So first of all I’d like to say that I’m newbe here.
My steps:
1. I tried to find serial bpx GetDlgItemTextA works fine here, and next step is call with pushed address of s/n string. Ok first of all this function checks whether 2 first chars are 0, when it sees that they are not it continues to manipulate with registers containing those chars (another call), I couldn’t manage to understand what is it doing, but it then checks whether eax is 0, then it calls the function which writes some data in registry hklm\software\radmin\v1.01\ViewType\Data, but I do not understand how it calculates the address of data buffer size, then it read data from registry with size 80h, there is no so much chars and functions ends with error_code, but it never checks this data . hklm\software\radmin\v1.01\ViewType\Data – this is where registration data is stored (regmon – tells the same). (all prog params are stored in hkcu\software\radmin\v2.0\).
So I couldn’t understand this part ok.
2. I tried to get time check bpx GetLocalTime – the time was checked and I found the real program entry after checking is OK - 00aaaa07 – the entry of checking prog is 00AA91C9.

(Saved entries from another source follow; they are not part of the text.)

lemma dim_image_le_if_kernel_subset:
  fixes f :: "'a::euclidean_space \<Rightarrow> 'b::euclidean_space" and g :: "'a \<Rightarrow> 'c::euclidean_space"
  assumes f: "linear f" and g: "linear g" and V: "subspace V"
    and ker: "\<And>v. v \<in> V \<Longrightarrow> g v = 0 \<Longrightarrow> f v = 0"
  shows "dim (f ` V) \<le> dim (g ` V)"
proof -
  obtain S :: "nat set" and u where S: "S \<subseteq> {..<dim (f ` V)}" "card S = dim (f ` V)" "u ` S \<subseteq> V"
    and ind: "independent_family S (f \<circ> u)"
    by (rule obtain_independent_family_image[of "{..<dim (f ` V)}" f V]) auto
  have "independent_family S (g \<circ> u)"
    unfolding independent_family_def
  proof (intro allI impI)
    fix a assume "(\<Sum>i\<in>S. a i *\<^sub>R (g \<circ> u) i) = 0"
    then have "g (\<Sum>i\<in>S. a i *\<^sub>R u i) = 0"
      by (simp add: linear_sum[OF g] linear_scale[OF g])
    moreover have "(\<Sum>i\<in>S. a i *\<^sub>R u i) \<in> V"
      using S(3) by (auto intro: subspace_sum[OF V] subspace_scale[OF V])
    ultimately have "f (\<Sum>i\<in>S. a i *\<^sub>R u i) = 0" by (rule ker[rotated])
    then have "(\<Sum>i\<in>S. a i *\<^sub>R (f \<circ> u) i) = 0"
      by (simp add: linear_sum[OF f] linear_scale[OF f])
    then show "\<forall>i\<in>S. a i = 0" using independent_familyD[OF ind] by blast
  qed
  then have "card S \<le> dim (g ` V)"
    using S by (intro card_le_dim_if_independent_family) (auto intro: finite_subset[OF S(1)])
  with S(2) show ?thesis by simp
qed

lemma dim_image_eq_if_same_kernel:
  fixes f :: "'a::euclidean_space \<Rightarrow> 'b::euclidean_space" and g :: "'a \<Rightarrow> 'c::euclidean_space"
  assumes "linear f" "linear g" "subspace V" "\<And>v. v \<in> V \<Longrightarrow> f v = 0 \<longleftrightarrow> g v = 0"
  shows "dim (f ` V) = dim (g ` V)"
  using dim_image_le_if_kernel_subset[of f g V] dim_image_le_if_kernel_subset[of g f V] assms
  by (meson antisym)

lemma dim_le_dim_image_add:
  fixes f :: "'a::euclidean_space \<Rightarrow> 'b::euclidean_space" and g :: "'a \<Rightarrow> 'c::euclidean_space"
  assumes f: "linear f" and g: "linear g" and V: "subspace V"
    and ker: "\<And>v. v \<in> V \<Longrightarrow> f v = 0 \<Longrightarrow> g v = 0 \<Longrightarrow> v = 0"
  shows "dim V \<le> dim (f ` V) + dim (g ` V)"
proof -
  define F where "F v = (f v, g v)" for v
  have F: "linear F"
    using f g unfolding F_def by (intro linearI) (simp_all add: linear_add linear_scale)
  have "inj_on F V"
  proof (rule inj_onI)
    fix x y assume xy: "x \<in> V" "y \<in> V" "F x = F y"
    then have "f (x - y) = 0" "g (x - y) = 0"
      by (simp_all add: F_def linear_diff[OF f] linear_diff[OF g])
    moreover have "x - y \<in> V" using xy subspace_diff[OF V] by blast
    ultimately show "x = y" using ker[of "x - y"] by simp
  qed
  then have "dim V = dim (F ` V)"
    using dim_image_eq[OF F, of V] V by (simp add: span_eq_iff[THEN iffD2, OF V])
  also have "\<dots> \<le> dim (f ` V \<times> g ` V)"
    by (rule dim_subset) (auto simp: F_def)
  also have "\<dots> = dim (f ` V) + dim (g ` V)"
    by (intro dim_Times linear_subspace_image f g V)
  finally show ?thesis .
qed

section \<open>Rank drop of a polynomial family of maps\<close>

lemma det_nonzero_iff_kernel_trivial:
  fixes M :: "real^'n^'n"
  shows "det M \<noteq> 0 \<longleftrightarrow> (\<forall>x. M *v x = 0 \<longrightarrow> x = 0)"
  by (metis det_nz_iff_inj matrix_vector_mul_linear matrix_of_matrix_vector_mul linear_injective_0)

definition bordered_gram :: "'m::finite set \<Rightarrow> ('m \<Rightarrow> 'a::real_inner) \<Rightarrow> ('m \<Rightarrow> 'a) \<Rightarrow> real^'m^'m" where
  "bordered_gram S x w = (\<chi> l i. if l \<in> S \<and> i \<in> S then x i \<bullet> w l else if l = i then 1 else 0)"

lemma bordered_gram_mult_component:
  "(bordered_gram S x w *v y) $ l = (if l \<in> S then (\<Sum>i\<in>S. y $ i *\<^sub>R x i) \<bullet> w l else y $ l)"
proof (cases "l \<in> S")
  case True
  have "(bordered_gram S x w *v y) $ l = (\<Sum>i\<in>UNIV. (if i \<in> S then x i \<bullet> w l * y $ i else 0))"
    unfolding matrix_vector_mult_def bordered_gram_def using True by (auto intro: sum.cong)
  also have "\<dots> = (\<Sum>i\<in>S. y $ i *\<^sub>R x i) \<bullet> w l"
    by (simp add: sum.If_cases inner_sum_left mult.commute)
  finally show ?thesis using True by simp
next
  case False
  then show ?thesis
    by (simp add: matrix_vector_mult_def bordered_gram_def if_distrib[of "\<lambda>r. r * _"] cong: if_cong)
qed

lemma det_bordered_gram_self_nonzero:
  assumes "independent_family S w"
  shows "det (bordered_gram S w w) \<noteq> 0"
  unfolding det_nonzero_iff_kernel_trivial
proof (intro allI impI)
  fix y assume y: "bordered_gram S w w *v y = 0"
  define z where "z = (\<Sum>i\<in>S. y $ i *\<^sub>R w i)"
  have "z \<bullet> w l = 0" if "l \<in> S" for l
    using bordered_gram_mult_component[of S w w y l] y that by (simp add: z_def)
  then have "z \<bullet> z = 0"
    by (simp add: z_def inner_sum_right)
  then have "y $ i = 0" if "i \<in> S" for i
    using independent_familyD[OF assms _ that, of "\<lambda>i. y $ i"] by (simp add: z_def)
  moreover have "y $ l = 0" if "l \<notin> S" for l
    using bordered_gram_mult_component[of S w w y l] y that by simp
  ultimately show "y = 0" by (metis vec_eq_iff zero_index)
qed

lemma independent_family_if_det_bordered_gram:
  assumes "det (bordered_gram S x w) \<noteq> 0"
  shows "independent_family S x"
  unfolding independent_family_def
proof (intro allI impI)
  fix a assume a: "(\<Sum>i\<in>S. a i *\<^sub>R x i) = 0"
  define y where "y = (\<chi> i. if i \<in> S then a i else 0)"
  have "(\<Sum>i\<in>S. y $ i *\<^sub>R x i) = 0"
    using a by (simp add: y_def cong: sum.cong)
  then have "bordered_gram S x w *v y = 0"
    by (simp add: vec_eq_iff bordered_gram_mult_component y_def)
  then have "y = 0"
    using assms det_nonzero_iff_kernel_trivial by blast
  then show "\<forall>i\<in>S. a i = 0" by (simp add: y_def vec_eq_iff) (metis (full_types))
qed

lemma in_nonzero_poly_zero_set_dim_image_less:
  fixes L :: "real^'n::finite \<Rightarrow> 'v \<Rightarrow> real^'m::finite"
  assumes poly: "\<And>v j. poly_deg_le 1 (\<lambda>t. L t v $ j)"
  shows "in_nonzero_poly_zero_set CARD('m) {t. dim (L t ` V) < dim (L t1 ` V)}"
proof -
  have "dim (L t1 ` V) \<le> card (UNIV :: 'm set)"
    using dim_subset_UNIV[of "L t1 ` V"] by simp
  then obtain S :: "'m set" and u :: "'m \<Rightarrow> 'v" where S: "card S = dim (L t1 ` V)" "u ` S \<subseteq> V"
    and ind: "independent_family S (L t1 \<circ> u)"
    by (rule obtain_independent_family_image[OF finite_class.finite_UNIV])
  define Q where "Q t = bordered_gram S (\<lambda>i. L t (u i)) (\<lambda>i. L t1 (u i))" for t
  show ?thesis
  proof (rule in_nonzero_poly_zero_setI)
    show "poly_deg_le CARD('m) (\<lambda>t. det (Q t))"
    proof (rule poly_deg_le_det)
      fix l i
      have "poly_deg_le (1 + 0) (\<lambda>t. L t (u i) $ j * L t1 (u l) $ j)" for j
        by (intro poly_deg_le_mult poly poly_deg_le_const)
      then have "poly_deg_le 1 (\<lambda>t. L t (u i) \<bullet> L t1 (u l))"
        unfolding inner_vec_def by (intro poly_deg_le_sum) auto
      moreover have "(\<lambda>t. Q t $ l $ i) = (if l \<in> S \<and> i \<in> S then (\<lambda>t. L t (u i) \<bullet> L t1 (u l))
          else (\<lambda>_. if l = i then 1 else 0))"
        by (auto simp: Q_def bordered_gram_def fun_eq_iff)
      ultimately show "poly_deg_le 1 (\<lambda>t. Q t $ l $ i)"
        by (simp add: poly_deg_le_const)
    qed
    show "det (Q t1) \<noteq> 0"
      using det_bordered_gram_self_nonzero[of S "\<lambda>i. L t1 (u i)"] ind by (simp add: Q_def o_def)
    fix t assume t: "t \<in> {t. dim (L t ` V) < dim (L t1 ` V)}"
    show "det (Q t) = 0"
    proof (rule ccontr)
      assume "det (Q t) \<noteq> 0"
      then have "independent_family S (\<lambda>i. L t (u i))"
        unfolding Q_def by (rule independent_family_if_det_bordered_gram)
      then have "card S \<le> dim (L t ` V)"
        using S(2) by (intro card_le_dim_if_independent_family) auto
      with S(1) t show False by simp
    qed
  qed
qed

section \<open>The subspaces \<open>V(t)\<close> for quadratic forms\<close>

definition gradient_matrix :: "('m \<Rightarrow> real^'n \<Rightarrow> real) \<Rightarrow> real^'n \<Rightarrow> real^'n^'m" where
  "gradient_matrix P t = (\<chi> k j. partial_deriv j (P k) t)"

definition Vt_pairing :: "('n \<Rightarrow> real^'n \<Rightarrow> real) \<Rightarrow> real^'n \<Rightarrow> (real^'n) \<times> (real^'n) \<Rightarrow> real^'n" where
  "Vt_pairing P t v = fst v + transpose (gradient_matrix P t) *v snd v"

lemma Vt_pairing_component:
  "Vt_pairing P t v $ j = v \<bullet> (axis j 1, \<chi> k. partial_deriv j (P k) t)"
  by (simp add: Vt_pairing_def gradient_matrix_def inner_prod_def inner_axis)
    (simp add: inner_vec_def vector_matrix_mult_def mult.commute)

lemma orth_proj_Vt_eq_0_iff: "orth_proj (Vt P t) v = 0 \<longleftrightarrow> Vt_pairing P t v = 0"
  unfolding Vt_def orth_proj_span_eq_0_iff by (simp add: vec_eq_iff Vt_pairing_component)

lemma linear_Vt_pairing: "linear (Vt_pairing P t)"
  by (intro linearI) (simp_all add: Vt_pairing_def matrix_vector_right_distrib
      matrix_vector_mult_scaleR scaleR_right_distrib)

lemma dim_orth_proj_Vt:
  assumes "subspace V"
  shows "dim (orth_proj (Vt P t) ` V) = dim (Vt_pairing P t ` V)"
  using assms orth_proj_Vt_eq_0_iff
  by (intro dim_image_eq_if_same_kernel linear_orth_proj linear_Vt_pairing)
    (auto simp: Vt_def)

lemma partial_deriv_quad_form:
  fixes M :: "real^'n::finite^'n"
  shows "partial_deriv j (quad_form M) t = t \<bullet> (M *v axis j 1 + transpose M *v axis j 1)"
proof -
  define e :: "real^'n" where "e = axis j 1"
  have "quad_form M (t + s *\<^sub>R e) =
      t \<bullet> (M *v t) + s * (t \<bullet> (M *v e) + e \<bullet> (M *v t)) + s\<^sup>2 * (e \<bullet> (M *v e))" for s
    by (simp add: quad_form_def matrix_vector_right_distrib matrix_vector_mult_scaleR
        inner_add_left inner_add_right power2_eq_square algebra_simps)
  moreover have "((\<lambda>s. t \<bullet> (M *v t) + s * (t \<bullet> (M *v e) + e \<bullet> (M *v t)) + s\<^sup>2 * (e \<bullet> (M *v e)))
      has_real_derivative (t \<bullet> (M *v e) + e \<bullet> (M *v t))) (at 0)"
    by (auto intro!: derivative_eq_intros)
  moreover have "e \<bullet> (M *v t) = t \<bullet> (transpose M *v e)"
    by (metis dot_lmul_matrix inner_commute transpose_matrix_vector)
  ultimately show ?thesis
    unfolding partial_deriv_def e_def[symmetric] by (simp add: DERIV_imp_deriv inner_add_right)
qed

lemma gradient_matrix_quad_form_add:
  "gradient_matrix (\<lambda>k. quad_form (A k)) (t + u) =
     gradient_matrix (\<lambda>k. quad_form (A k)) t + gradient_matrix (\<lambda>k. quad_form (A k)) u"
  by (simp add: gradient_matrix_def partial_deriv_quad_form vec_eq_iff inner_add_left)

lemma poly_deg_le_gradient_matrix_quad_form:
  "poly_deg_le 1 (\<lambda>t. gradient_matrix (\<lambda>k. quad_form (A k)) t $ k $ j)"
  unfolding gradient_matrix_def vec_lambda_beta partial_deriv_quad_form
  by (rule poly_deg_le_inner_left)

lemma poly_deg_le_Vt_pairing:
  assumes "\<And>k j. poly_deg_le 1 (\<lambda>t. gradient_matrix P t $ k $ j)"
  shows "poly_deg_le 1 (\<lambda>t. Vt_pairing P t v $ j)"
proof -
  have "poly_deg_le (0 + 1) (\<lambda>t. snd v $ k * gradient_matrix P t $ k $ j)" for k
    by (intro poly_deg_le_mult poly_deg_le_const assms)
  then have "poly_deg_le 1 (\<lambda>t. fst v $ j + (\<Sum>k\<in>UNIV. snd v $ k * gradient_matrix P t $ k $ j))"
    by (intro poly_deg_le_add poly_deg_le_const poly_deg_le_sum) auto
  then show ?thesis
    by (simp add: Vt_pairing_def matrix_vector_mult_def transpose_def mult.commute)
qed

So I did ‘d 00aaaa07’ and ‘d 00AA91c9’ wrote down some hex numbers. But I couldn’t find any of them in radmin.exe or in any dll it loads (AdmDll.dll, raddrv.dll, visedll.dll) (on startup it loads only AdmDll.dll). (those dll loaded dynamically (LoadLibraryA), coz “tdump –em radmin.exe” tells that it uses only kernel32 and user32 functions) So those files all packed I tried to make a dump, but I couldn’t find those lines in dump too.
I will appreciate any help or tutors on such a case. Thank you all.